(Saved data entries)
text \<open>If D is not a cycle, a longest path in D has no neighbours off it and no chords, so it is all
  of D and induces a path.\<close>
lemma path_or_cycle_component: "path_component V E D \<or> cycle_component"
proof (rule disjCI)
  assume no_cycle: "\<not> cycle_component"
  obtain xs where xs: "longest_path xs" and "xs \<noteq> []" using longest_path_exists by blast
  then have dist: "distinct xs" and "set xs \<subseteq> D" by (auto simp: longest_path_def path_in_def)
  have "set xs = D"
  proof (rule closed_subset_eq_D)
    show "xs ! 0 \<in> set xs" using \<open>xs \<noteq> []\<close> by simp
    show "z \<in> set xs" if "y \<in> set xs" "E y z" for y z
      using that longest_path_neighbour[OF no_cycle xs] by (metis in_set_conv_nth)
  qed fact
  then have card_D: "card D = length xs" using distinct_card[OF dist] by simp
  have "induces_path E D (card D)"
    unfolding induces_path_def card_D
  proof (intro exI conjI allI impI)
    show "bij_betw ((!) xs) {0..<length xs} D"
      using bij_betw_nth[OF dist] \<open>set xs = D\<close> by (simp add: atLeast0LessThan)
    fix i j assume "i < length xs" "j < length xs"
    then show "E (xs ! i) (xs ! j) \<longleftrightarrow> (i + 1 = j \<or> j + 1 = i)"
      by (rule longest_path_edge_iff[OF no_cycle xs])
  qed
  then show "path_component V E D" using component by (simp add: path_component_def)
qed

end

context max_degree_le_2
begin

lemma induced_path_in_path_component:
  assumes "X \<subseteq> V" "induces_path E X k" "1 \<le> k" "s_path V E k \<le> k"
  shows "\<exists>D. path_component V E D \<and> X \<subseteq> D"
proof -
  obtain D where D: "component V E D" "X \<subseteq> D"
    using induced_path_in_component assms(1-3) by blast
  interpret max_degree_le_2_component V E D by unfold_locales (rule D(1))
  from path_or_cycle_component show ?thesis
  proof
    assume "path_component V E D"
    then show ?thesis using D(2) by blast
  next
    assume cycle_component
    then obtain m c where cycle: "is_cycle m c" and "c ` {0..<m} = D"
      unfolding cycle_component_def by blast
    have "m \<le> k" using cycle_length_le[OF cycle assms(3,4)] .
    moreover have "X \<subseteq> c ` {0..<m}" using D(2) \<open>c ` {0..<m} = D\<close> by simp
    ultimately show ?thesis using no_induced_path_in_short_cycle[OF cycle _ assms(2)] by blast
  qed
qed

end

lemma max_degree_le_2_if_max_degree_le:
  assumes "simple_graph V E" "max_degree V E \<le> 2"
  shows "max_degree_le_2 V E"
proof
  have "finite V" using assms(1) by (simp add: simple_graph_def)
  then show "degree V E v \<le> 2" if "v \<in> V" for v
    using that assms(2) by (auto simp: max_degree_def intro: le_trans[OF Max_ge])
qed fact

theorem lemma4p5:
  fixes V :: "'a set" and E :: "'a \<Rightarrow> 'a \<Rightarrow> bool" and k :: nat
  assumes "simple_graph V E"
    and "max_degree V E = 2"
    and "k \<ge> 1"
    and "\<exists>!C. path_component V E C \<and> card C \<ge> k - 1"
    and "s_path V E k \<le> k"
  shows "(\<forall>m. has_cycle_of_length V E m \<longrightarrow> m \<le> k) \<and>
         (\<forall>C. path_component V E C \<and> card C \<ge> k - 1 \<longrightarrow> card C = s_path V E k + k - 1)"
proof -
  interpret max_degree_le_2 V E
    by (rule max_degree_le_2_if_max_degree_le[OF assms(1)]) (simp add: assms(2))
  have "m \<le> k" if "has_cycle_of_length V E m" for m
    using that cycle_length_le assms(3,5) by (auto simp: has_cycle_of_length_iff)
  moreover have "card C = s_path V E k + k - 1"
    if C: "path_component V E C" "k - 1 \<le> card C" for C
  proof -
    have "X \<subseteq> C" if X: "X \<subseteq> V" "induces_path E X k" for X
    proof -
      obtain D where D: "path_component V E D" "X \<subseteq> D"
        using induced_path_in_path_component X assms(3,5) by blast
      have "finite D" using D(1) finite_V by (auto simp: path_component_def component_def)
      then have "k \<le> card D" using card_mono[OF _ D(2)] card_induced_path[OF X(2)] by simp
      then have "D = C" using assms(4) C D(1) by (metis diff_le_self le_trans)
      with D(2) show ?thesis by simp
    qed
    then have "s_path V E k = card C + 1 - k" using s_path_path_component[OF C(1) assms(3)] by blast
    with C(2) assms(3) show ?thesis by simp
  qed
  ultimately show ?thesis by blast
qed
(* Let $k\ge1$, and let $\mathcal P=\{p_1,\dots,p_{k^2}\}$ be a family of real polynomials in the commuting variables $x_1,\dots,x_{2k^2}$ admitting an nc representation $p(X,Y)$ of degree $d>1$. Let $t\ge2$ and suppose $$p(X,Y)=d_1X^t+d_2X^{t-1}Y+d_3YX^{t-1}+q(X,Y),$$ where $q$ contains no scalar multiples of $X^t,X^{t-1}Y,YX^{t-1}$, and $d_1,d_2,d_3$ are pairwise distinct. If $x_u$ is a diagonal entry of $X$, then the family contains (counting over all polynomials) exactly: $2k-2$ terms $d_1x_u^{t-1}x_v$ with $x_v\ne x_u$ if $d_1\ne0$; $k-1$ terms $d_2x_u^{t-1}x_v$ with $x_v$ an off-diagonal entry of $Y$ if $d_2\ne0$; $k-1$ terms $d_3x_u^{t-1}x_v$ with $x_v$ an off-diagonal entry of $Y$ if $d_3\ne0$; and $1$ term $\varphi(t-1,1)x_u^{t-1}x_v$ with $x_v$ a diagonal entry of $Y$ if $\varphi(t-1,1)\ne0$. These account for all two letter terms of degree $t$ in which $x_u$ has degree $t-1$, and no two terms in this list are the same. Moreover, if $x_u$ is in position $(a,a)$ of $X$ and $p_{ab}$ denotes the polynomial in position $(a,b)$ of the array $p(X,Y)$, then for $b\ne a$, $$p_{ab}=d_1x_u^{t-1}x_v+d_2x_u^{t-1}x_w+\cdots,$$ where $x_v$ (resp. $x_w$) is the $(a,b)$ entry of $X$ (resp. $Y$) and $p_{ab}$ contains no other two letter monomials of degree $t$ having $x_u^{t-1}$ as a factor; and similarly $$p_{ba}=d_1x_u^{t-1}x_m+d_3x_u^{t-1}x_n+\cdots,$$ where $x_m$ (resp. $x_n$) is the $(b,a)$ entry of $X$ (resp. $Y$) and $p_{ba}$ contains no other two letter monomials of degree $t$ having $x_u^{t-1}$ as a factor.
   Context: The family $\mathcal P$ admits an nc representation $p(X,Y)$ if there are $k\times k$ matrices $X,Y$ whose $2k^2$ entries are the variables $x_1,\dots,x_{2k^2}$, each used exactly once, and a noncommutative polynomial $p$ in two letters with real coefficients such that the matrix $p(X,Y)$ is a $k\times k$ array whose entries are $p_1,\dots,p_{k^2}$, each exactly once. A "term" means a monomial with its nonzero coefficient after collecting like terms. $\varphi(i,j)$ is the sum of coefficients of all monomials of $p$ of degree $i$ in $X$ and $j$ in $Y$. *)

theory Defs
  imports Complex_Main "HOL-Library.Multiset"
begin
lemma chain_cost_sym: "chain_cost \<delta> D x y c \<Longrightarrow> chain_cost \<delta> D y x c"
proof (induction rule: chain_cost.induct)
  case (single x y)
  then have "chain_cost \<delta> D y x (D y y x)" by (simp add: chain_cost.single dist_commute)
  then show ?case using D_commute[of x y] single scale_less by simp
next
  case (snoc x y c z)
  have "chain_cost \<delta> D z y (D z z y)" using snoc.hyps(2) by (simp add: chain_cost.single dist_commute)
  from chain_cost_trans[OF snoc.IH this] show ?case
    using D_commute[of y z] snoc.hyps(2) scale_less by (simp add: add.commute)
qed

lemma continuous_on_D_diag:
  "continuous_on {p. dist (fst p) (snd p) < \<delta>0} (\<lambda>p. D (fst p) (fst p) (snd p))"
proof -
  have "continuous_on (triples \<delta>0) (\<lambda>(x, y, z). D x y z)"
    using local_metric unfolding local_metric_def by blast
  moreover have "(\<lambda>p. (fst p, fst p, snd p)) ` {p. dist (fst p) (snd p) < \<delta>0} \<subseteq> triples \<delta>0"
    unfolding triples_def using scale_pos scale_less by auto
  ultimately have "continuous_on {p. dist (fst p) (snd p) < \<delta>0}
      ((\<lambda>(x, y, z). D x y z) \<circ> (\<lambda>p. (fst p, fst p, snd p)))"
    by (intro continuous_on_compose continuous_intros) (rule continuous_on_subset)
  then show ?thesis by (simp add: o_def case_prod_unfold)
qed

lemma D_diag_triangle:
  assumes "locally_minimizing \<delta> D"
    and "dist x z < \<delta>" "dist x y < \<delta>" "dist y z < \<delta>"
  shows "D x x z \<le> D x x y + D y y z"
proof -
  have "D x x z \<le> D y x z"
    using assms unfolding locally_minimizing_def by (auto simp: dist_commute)
  also have "\<dots> \<le> D y x y + D y y z"
    using assms scale_less by (intro D_triangle) (auto simp: dist_commute)
  also have "D y x y = D x x y"
    using assms scale_less by (intro D_base_change[symmetric]) auto
  finally show ?thesis .
qed

end

locale chain_metric_space = local_metric_scale D \<delta>0 \<delta>
  for D :: "'a::metric_space \<Rightarrow> 'a \<Rightarrow> 'a \<Rightarrow> real" and \<delta>0 \<delta> +
  assumes compact_space: "compact (UNIV :: 'a set)"
    and connected_space: "connected (UNIV :: 'a set)"
    and minimizing: "locally_minimizing \<delta> D"
begin

lemma chain_cost_exists: "\<exists>c. chain_cost \<delta> D x y c"
proof -
  define A where "A = {y. \<exists>c. chain_cost \<delta> D x y c}"
  have "x \<in> A" unfolding A_def using chain_cost.single[of x x \<delta> D] scale_pos by auto
  moreover have "z \<in> A \<longleftrightarrow> y \<in> A" if "dist y z < \<delta>" for y z
    using that chain_cost.snoc[of \<delta> D x y _ z] chain_cost.snoc[of \<delta> D x z _ y]
    unfolding A_def by (auto simp: dist_commute)
  then have "open A" "open (- A)"
    unfolding open_dist using scale_pos by (metis ComplD ComplI)+
  ultimately have "A = UNIV"
    using connected_space unfolding connected_def by blast
  then show ?thesis unfolding A_def by blast
qed

lemma compact_closed_pairs: "closed S \<Longrightarrow> compact (S :: ('a \<times> 'a) set)"
  using compact_Int_closed[OF compact_Times[OF compact_space compact_space]] by simp

lemma D_lower_bound_annulus:
  assumes "0 < \<epsilon>"
  shows "\<exists>L>0. \<forall>z w. \<epsilon> \<le> dist z w \<and> dist z w \<le> \<delta> \<longrightarrow> L \<le> D z z w"
proof -
  define K where "K = {p :: 'a \<times> 'a. \<epsilon> \<le> dist (fst p) (snd p) \<and> dist (fst p) (snd p) \<le> \<delta>}"
  have "compact K" unfolding K_def
    by (intro compact_closed_pairs closed_Collect_conj closed_Collect_le continuous_intros)
  have K_sub: "K \<subseteq> {p. dist (fst p) (snd p) < \<delta>0}" unfolding K_def using scale_less by auto
  show ?thesis
  proof (cases "K = {}")
    case True
    then show ?thesis unfolding K_def by (intro exI[of _ 1]) auto
  next
    case False
    obtain p where p: "p \<in> K" "\<forall>q\<in>K. D (fst p) (fst p) (snd p) \<le> D (fst q) (fst q) (snd q)"
      using continuous_attains_inf[OF \<open>compact K\<close> False continuous_on_subset[OF continuous_on_D_diag K_sub]]
      by blast
    have "0 < D (fst p) (fst p) (snd p)"
      using p(1) assms scale_less unfolding K_def by (intro D_pos) auto
    with p(2) show ?thesis unfolding K_def by (intro exI[of _ "D (fst p) (fst p) (snd p)"]) auto
  qed
qed

lemma D_small_near_diagonal:
  assumes "0 < e"
  shows "\<exists>\<eta>>0. \<forall>x y. dist x y < \<eta> \<longrightarrow> D x x y < e"
proof -
  define C where "C = {p :: 'a \<times> 'a. dist (fst p) (snd p) \<le> \<delta>}"
  have "compact C" unfolding C_def
    by (intro compact_closed_pairs closed_Collect_le continuous_intros)
  moreover have "C \<subseteq> {p. dist (fst p) (snd p) < \<delta>0}" unfolding C_def using scale_less by auto
  ultimately have "uniformly_continuous_on C (\<lambda>p. D (fst p) (fst p) (snd p))"
    by (intro compact_uniformly_continuous continuous_on_subset[OF continuous_on_D_diag])
  then obtain d where d: "d > 0" "\<forall>p\<in>C. \<forall>q\<in>C. dist q p < d \<longrightarrow>
      dist (D (fst q) (fst q) (snd q)) (D (fst p) (fst p) (snd p)) < e"
    unfolding uniformly_continuous_on_def using assms by blast
  show ?thesis
  proof (intro exI[of _ "min d \<delta>"] conjI allI impI)
    show "0 < min d \<delta>" using d scale_pos by simp
    fix x y :: 'a assume xy: "dist x y < min d \<delta>"
    have "(x, x) \<in> C" "(x, y) \<in> C" unfolding C_def using xy scale_pos by auto
    moreover have "dist (x, y) (x, x) < d" using xy by (simp add: dist_Pair_Pair dist_commute)
    ultimately have "dist (D x x y) (D x x x) < e" using d(2) by fastforce
    then show "D x x y < e" by (simp add: dist_real_def)
  qed
qed

text \<open>While a chain stays within \<open>\<delta>/4\<close> of its start, a step shorter than \<open>\<delta>/2\<close>
  keeps it comparable to \<open>d\<close> by local minimality; a longer step, or leaving
  the \<open>\<delta>/4\<close>-ball, already costs \<open>L\<close>.\<close>
lemma chain_cost_short_or_large:
  assumes L: "\<forall>z w. \<delta>/4 \<le> dist z w \<and> dist z w \<le> \<delta> \<longrightarrow> L \<le> D z z w"
  shows "chain_cost \<delta> D x y c \<Longrightarrow> (dist x y < \<delta>/4 \<and> D x x y \<le> c) \<or> L \<le> c"
proof (induction rule: chain_cost.induct)
  case (single x y)
  then show ?case using L by force
next
  case (snoc x y c z)
  have "0 \<le> D y y z" using snoc.hyps(2) scale_less by (intro D_nonneg) auto
  show ?case
  proof (cases "L \<le> c")
    case True
    then show ?thesis using \<open>0 \<le> D y y z\<close> by simp
  next
    case False
    with snoc.IH have xy: "dist x y < \<delta>/4" "D x x y \<le> c" by auto
    show ?thesis
    proof (cases "dist y z < \<delta>/2")
      case True
      have "dist x z < 3 * \<delta>/4" using xy(1) True dist_triangle[of x z y] by linarith
      moreover have "D x x z \<le> c + D y y z"
        using D_diag_triangle[OF minimizing, of x z y] xy True \<open>dist x z < 3 * \<delta>/4\<close> scale_pos
        by linarith
      moreover have "L \<le> D x x z" if "\<delta>/4 \<le> dist x z"
        using L that \<open>dist x z < 3 * \<delta>/4\<close> by auto
      ultimately show ?thesis by (meson not_le order_trans)
    next
      case False
      then have "L \<le> D y y z" using L snoc.hyps(2) scale_pos by auto
      then show ?thesis using chain_cost_nonneg[OF snoc.hyps(1)] by simp
    qed
  qed
qed

lemma rho_le: "chain_cost \<delta> D x y c \<Longrightarrow> rho \<delta> D x y \<le> c"
  unfolding rho_eq_Inf_chain_cost
  by (rule cInf_lower) (auto intro: bdd_belowI chain_cost_nonneg)

lemma rho_greatest: "(\<And>c. chain_cost \<delta> D x y c \<Longrightarrow> B \<le> c) \<Longrightarrow> B \<le> rho \<delta> D x y"
  unfolding rho_eq_Inf_chain_cost by (rule cInf_greatest) (use chain_cost_exists in auto)

lemma rho_nonneg: "0 \<le> rho \<delta> D x y"
  by (rule rho_greatest) (rule chain_cost_nonneg)

lemma rho_self: "rho \<delta> D x x = 0"
  using rho_le[OF chain_cost.single[of x x]] rho_nonneg[of x x] scale_pos by simp

lemma rho_commute: "rho \<delta> D x y = rho \<delta> D y x"
proof -
  have "Collect (chain_cost \<delta> D x y) = Collect (chain_cost \<delta> D y x)"
    using chain_cost_sym by blast
  then show ?thesis unfolding rho_eq_Inf_chain_cost by simp
qed

lemma rho_triangle: "rho \<delta> D x z \<le> rho \<delta> D x y + rho \<delta> D y z"
proof -
  have "rho \<delta> D x z - c' \<le> rho \<delta> D x y" if "chain_cost \<delta> D y z c'" for c'
    using rho_le[OF chain_cost_trans[OF that]] by (intro rho_greatest) force
  then have "rho \<delta> D x z - rho \<delta> D x y \<le> rho \<delta> D y z"
    by (intro rho_greatest) force
  then show ?thesis by simp
qed

lemma rho_bounded_below:
  assumes "0 < \<epsilon>"
  shows "\<exists>e>0. \<forall>x y. \<epsilon> \<le> dist x y \<longrightarrow> e \<le> rho \<delta> D x y"
proof -
  obtain L where L: "L > 0" "\<forall>z w. min \<epsilon> (\<delta>/4) \<le> dist z w \<and> dist z w \<le> \<delta> \<longrightarrow> L \<le> D z z w"
    using D_lower_bound_annulus[of "min \<epsilon> (\<delta>/4)"] assms scale_pos by auto
  have "L \<le> rho \<delta> D x y" if "\<epsilon> \<le> dist x y" for x y
  proof (rule rho_greatest)
    fix c assume "chain_cost \<delta> D x y c"
    from chain_cost_short_or_large[OF _ this, of L] show "L \<le> c"
      using L(2) that scale_pos by force
  qed
  with L(1) show ?thesis by blast
qed

lemma rho_eq_D_near_diagonal:
  "\<exists>\<eta>>0. \<eta> \<le> \<delta>0 \<and> (\<forall>x y. dist x y < \<eta> \<longrightarrow> rho \<delta> D x y = D x x y)"
proof -
  obtain L where L: "L > 0" "\<forall>z w. \<delta>/4 \<le> dist z w \<and> dist z w \<le> \<delta> \<longrightarrow> L \<le> D z z w"
    using D_lower_bound_annulus[of "\<delta>/4"] scale_pos by auto
  obtain \<eta> where \<eta>: "\<eta> > 0" "\<forall>x y. dist x y < \<eta> \<longrightarrow> D x x y < L"
    using D_small_near_diagonal[OF L(1)] by auto
  have "rho \<delta> D x y = D x x y" if xy: "dist x y < min \<eta> (\<delta>/4)" for x y
  proof (rule antisym)
    show "rho \<delta> D x y \<le> D x x y"
      using xy scale_pos by (intro rho_le chain_cost.single) auto
    show "D x x y \<le> rho \<delta> D x y"
    proof (rule rho_greatest)
      fix c assume "chain_cost \<delta> D x y c"
      from chain_cost_short_or_large[OF L(2) this] show "D x x y \<le> c"
        using \<eta>(2) xy by force
    qed
  qed
  moreover have "0 < min \<eta> (\<delta>/4)" "min \<eta> (\<delta>/4) \<le> \<delta>0"
    using \<eta>(1) scale_pos scale_less by auto
  ultimately show ?thesis by blast
qed

lemma rho_small_near_diagonal:
  assumes "0 < e"
  shows "\<exists>r>0. \<forall>x y. dist x y < r \<longrightarrow> rho \<delta> D x y < e"
proof -
  obtain \<eta> where \<eta>: "\<eta> > 0" "\<forall>x y. dist x y < \<eta> \<longrightarrow> rho \<delta> D x y = D x x y"
    using rho_eq_D_near_diagonal by auto
  obtain \<eta>' where \<eta>': "\<eta>' > 0" "\<forall>x y. dist x y < \<eta>' \<longrightarrow> D x x y < e"
    using D_small_near_diagonal[OF assms] by auto
  show ?thesis
    using \<eta> \<eta>' by (intro exI[of _ "min \<eta> \<eta>'"]) auto
qed

lemma rho_is_metric: "is_metric_on UNIV (rho \<delta> D)"
proof -
  have "rho \<delta> D x y \<noteq> 0" if "x \<noteq> y" for x y
  proof -
    have "0 < dist x y" using \<open>x \<noteq> y\<close> by simp
    then obtain e where "e > 0" "\<forall>x' y'. dist x y \<le> dist x' y' \<longrightarrow> e \<le> rho \<delta> D x' y'"
      using rho_bounded_below by blast
    then show ?thesis by fastforce
  qed
  then have "rho \<delta> D x y = 0 \<longleftrightarrow> x = y" for x y
    using rho_self by blast
  then show ?thesis
    unfolding is_metric_on_def by (simp add: rho_nonneg rho_triangle rho_commute[of x y for x y])
qed

lemma rho_defines_topology: "metric_defining_topology (rho \<delta> D)"
  unfolding metric_defining_topology_def
proof (intro conjI allI rho_is_metric iffI ballI)
  fix U :: "'a set" and x assume "open U" "x \<in> U"
  then obtain r where r: "r > 0" "\<forall>y. dist y x < r \<longrightarrow> y \<in> U" unfolding open_dist by blast
  obtain e where e: "e > 0" "\<forall>x y. r \<le> dist x y \<longrightarrow> e \<le> rho \<delta> D x y"
    using rho_bounded_below[OF r(1)] by auto
  have "y \<in> U" if "rho \<delta> D x y < e" for y
    using e(2)[rule_format, of x y] r(2)[rule_format, of y] that by (force simp: dist_commute)
  with e(1) show "\<exists>e>0. \<forall>y. rho \<delta> D x y < e \<longrightarrow> y \<in> U" by blast
next
  fix U :: "'a set" assume U: "\<forall>x\<in>U. \<exists>e>0. \<forall>y. rho \<delta> D x y < e \<longrightarrow> y \<in> U"
  show "open U" unfolding open_dist
  proof
    fix x assume "x \<in> U"
    then obtain e where e: "e > 0" "\<forall>y. rho \<delta> D x y < e \<longrightarrow> y \<in> U" using U by blast
    obtain r where "r > 0" "\<forall>x y. dist x y < r \<longrightarrow> rho \<delta> D x y < e"
      using rho_small_near_diagonal[OF e(1)] by auto
    with e(2) show "\<exists>r>0. \<forall>y. dist y x < r \<longrightarrow> y \<in> U"
      by (auto simp: dist_commute)
  qed
qed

What is being asked
Look through the entries above, and wherever a line holds the string "step", copy it.

The completed task
text \<open>While a chain stays within \<open>\<delta>/4\<close> of its start, a step shorter than \<open>\<delta>/2\<close>
  keeps it comparable to \<open>d\<close> by local minimality; a longer step, or leaving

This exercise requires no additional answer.